(* Suppose that $\gamma\in\mathscr{M}(Q)$ is simultaneously $(\varphi,\varepsilon)$-quasicritical of type $\sigma$ and $(\varphi,\varepsilon')$-quasicritical of type $\sigma'$, for some $\varphi\in\mathbb{R}$, $\varepsilon,\varepsilon'\in(0,\pi/4)$ and sign strings $\sigma,\sigma'$. Then $\sigma'\neq-\sigma$.
   Context: $[n]=\{1,\dots,n\}$; signs $\pm$ are identified with $\pm1$. A sign string is $\sigma:[l]\to\{\pm1\}$, $l\ge2$, with alternating consecutive values; $|\sigma|=l$; $-\sigma$ is defined by $(-\sigma)(k)=-\sigma(k)$. Fix $Q=(q,z)\in\mathbb{C}\times\mathbb{S}^1$, $z\ne-1$, $\theta_1\in(-\pi,\pi)$ with $e^{i\theta_1}=z$, and $r\ge2$. $\mathscr{M}(Q)$ is the space of regular $C^r$ curves $\gamma:[0,1]\to\mathbb{C}$ with $\gamma(0)=0$, unit tangent $\mathbf{t}_\gamma(0)=1$, $\gamma(1)=q$, $\mathbf{t}_\gamma(1)=z$, curvature $\kappa_\gamma\in(-1,1)$ everywhere, and $\theta_\gamma(1)=\theta_1$, where $\theta_\gamma$ is the continuous argument of $\mathbf{t}_\gamma$ with $\theta_\gamma(0)=0$. For $\varphi\in\mathbb{R}$ write $\varphi_\pm=\varphi\pm\pi/2$. Stretchability: for $\kappa_0\in(0,1)$ and $r_0,r_b\in\mathbb{R}$, $b>0$, let $F(u)=u/\sqrt{1-u^2}$ ($|u|<1$), $F=+\infty$ for $u\ge1$, $-\infty$ for $u\le-1$; $g_\pm(x)=F(\pm\kappa_0x+r_0/\sqrt{1+r_0^2})$, $h_\pm(x)=F(\mp\kappa_0(x-b)+r_b/\sqrt{1+r_b^2})$; $\lambda_+$ (resp. $\lambda_-$) is the common real value of $g_+,h_+$ (resp. $g_-,h_-$) where their graphs meet, or $+\infty$ (resp. $-\infty$) if they do not. If $I\subset[0,1]$ is a closed interval and $\langle\mathbf{t}_\gamma(t),e^{i\psi}\rangle>0$ on $I$, then after translating and rotating by $-\psi$, $\gamma|_I$ is the graph $x\mapsto(x,y(x))$, $x\in[0,b]$; put $f=y'$, $r_0=f(0)$, $r_b=f(b)$. $\gamma|_I$ is $\kappa_0$-stretchable with respect to $e^{i\psi}$ if $|\kappa_\gamma|\le\kappa_0$ on $I$ and $0\in[\lambda_-,\lambda_+]$; it is stretchable with respect to $e^{i\psi}$ (or w.r.t. $\psi$) if it is $\kappa_0$-stretchable for some $\kappa_0\in(0,1)$. Quasicritical: for a sign string $\sigma$, $n=|\sigma|$, $\varphi\in\mathbb{R}$, $\varepsilon\in(0,\pi/4)$, $\gamma$ is $(\varphi,\varepsilon)$-quasicritical of type $\sigma$ if there are closed intervals $J_1<\dots<J_n$ in $[0,1]$ such that for each $k\in[n]$: (i) $\theta_\gamma(J_k)\subset(\varphi_-+2\varepsilon,\varphi_++\varepsilon)$ if $\sigma(k)=+$ and $\theta_\gamma(J_k)\subset(\varphi_--\varepsilon,\varphi_+-2\varepsilon)$ if $\sigma(k)=-$; (ii) $|\theta_\gamma(t)-\varphi|<\pi/2-2\varepsilon$ for all $t\notin\operatorname{Int}(\bigcup_kJ_k)$; (iii) $J_k$ contains a closed subinterval $I_k$ with $|\theta_\gamma(t)-\varphi_{\sigma(k)}|<\varepsilon$ for all $t\in I_k$ and $\gamma|_{I_k}$ stretchable with respect to $\varphi_{\sigma(k)}$. *)

theory Defs
  imports "HOL-Analysis.Analysis" "HOL-Library.Extended_Real"
begin

(* Curves are maps gamma :: real => complex, only their restriction to [0,1] matters.
   Derivatives are one-sided at the endpoints (taken within [0,1]). *)

definition dgam :: "(real \<Rightarrow> complex) \<Rightarrow> real \<Rightarrow> complex" where
  "dgam \<gamma> t = vector_derivative \<gamma> (at t within {0..1})"

definition ddgam :: "(real \<Rightarrow> complex) \<Rightarrow> real \<Rightarrow> complex" where
  "ddgam \<gamma> t = vector_derivative (dgam \<gamma>) (at t within {0..1})"

definition Cr_on01 :: "nat \<Rightarrow> (real \<Rightarrow> complex) \<Rightarrow> bool" where
  "Cr_on01 r \<gamma> \<longleftrightarrow> (\<exists>D :: nat \<Rightarrow> real \<Rightarrow> complex. D 0 = \<gamma> \<and>
     (\<forall>j<r. \<forall>t\<in>{0..1}. (D j has_vector_derivative D (Suc j) t) (at t within {0..1})) \<and>
     continuous_on {0..1} (D r))"

definition regular_Cr_curve :: "nat \<Rightarrow> (real \<Rightarrow> complex) \<Rightarrow> bool" where
  "regular_Cr_curve r \<gamma> \<longleftrightarrow> Cr_on01 r \<gamma> \<and> (\<forall>t\<in>{0..1}. dgam \<gamma> t \<noteq> 0)"

definition unit_tangent :: "(real \<Rightarrow> complex) \<Rightarrow> real \<Rightarrow> complex" where
  "unit_tangent \<gamma> t = dgam \<gamma> t / complex_of_real (cmod (dgam \<gamma> t))"

definition curvature :: "(real \<Rightarrow> complex) \<Rightarrow> real \<Rightarrow> real" where
  "curvature \<gamma> t = Im (cnj (dgam \<gamma> t) * ddgam \<gamma> t) / (cmod (dgam \<gamma> t)) ^ 3"

(* the continuous argument of the unit tangent on [0,1] with theta(0) = 0
   (normalised to 0 outside [0,1] so that it is unique) *)
definition theta :: "(real \<Rightarrow> complex) \<Rightarrow> real \<Rightarrow> real" where
  "theta \<gamma> = (THE \<theta>. continuous_on {0..1} \<theta> \<and> \<theta> 0 = 0 \<and>
      (\<forall>t\<in>{0..1}. cis (\<theta> t) = unit_tangent \<gamma> t) \<and> (\<forall>t. t \<notin> {0..1} \<longrightarrow> \<theta> t = 0))"

definition in_M :: "nat \<Rightarrow> complex \<Rightarrow> complex \<Rightarrow> real \<Rightarrow> (real \<Rightarrow> complex) \<Rightarrow> bool" where
  "in_M r q z \<theta>1 \<gamma> \<longleftrightarrow> regular_Cr_curve r \<gamma> \<and> \<gamma> 0 = 0 \<and> unit_tangent \<gamma> 0 = 1 \<and>
     \<gamma> 1 = q \<and> unit_tangent \<gamma> 1 = z \<and> (\<forall>t\<in>{0..1}. \<bar>curvature \<gamma> t\<bar> < 1) \<and>
     theta \<gamma> 1 = \<theta>1"

definition Fst :: "real \<Rightarrow> ereal" where
  "Fst u = (if 1 \<le> u then \<infinity> else if u \<le> -1 then -\<infinity> else ereal (u / sqrt (1 - u\<^sup>2)))"

definition meet_val :: "(real \<Rightarrow> ereal) \<Rightarrow> (real \<Rightarrow> ereal) \<Rightarrow> ereal \<Rightarrow> ereal" where
  "meet_val g h dflt = (if \<exists>x v. g x = ereal v \<and> h x = ereal v
      then ereal (THE v. \<exists>x. g x = ereal v \<and> h x = ereal v) else dflt)"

○ ○ ○ ○ ○

**Work instruction**
Quote the listing above, but only from the line that shows "(D j has_vector_derivative" through the line that shows "(THE \<theta>. continuous_on".

**Answer to the exercise**
     (\<forall>j<r. \<forall>t\<in>{0..1}. (D j has_vector_derivative D (Suc j) t) (at t within {0..1})) \<and>
     continuous_on {0..1} (D r))"

definition regular_Cr_curve :: "nat \<Rightarrow> (real \<Rightarrow> complex) \<Rightarrow> bool" where
  "regular_Cr_curve r \<gamma> \<longleftrightarrow> Cr_on01 r \<gamma> \<and> (\<forall>t\<in>{0..1}. dgam \<gamma> t \<noteq> 0)"

definition unit_tangent :: "(real \<Rightarrow> complex) \<Rightarrow> real \<Rightarrow> complex" where
  "unit_tangent \<gamma> t = dgam \<gamma> t / complex_of_real (cmod (dgam \<gamma> t))"

definition curvature :: "(real \<Rightarrow> complex) \<Rightarrow> real \<Rightarrow> real" where
  "curvature \<gamma> t = Im (cnj (dgam \<gamma> t) * ddgam \<gamma> t) / (cmod (dgam \<gamma> t)) ^ 3"

(* the continuous argument of the unit tangent on [0,1] with theta(0) = 0
   (normalised to 0 outside [0,1] so that it is unique) *)
definition theta :: "(real \<Rightarrow> complex) \<Rightarrow> real \<Rightarrow> real" where
  "theta \<gamma> = (THE \<theta>. continuous_on {0..1} \<theta> \<and> \<theta> 0 = 0 \<and>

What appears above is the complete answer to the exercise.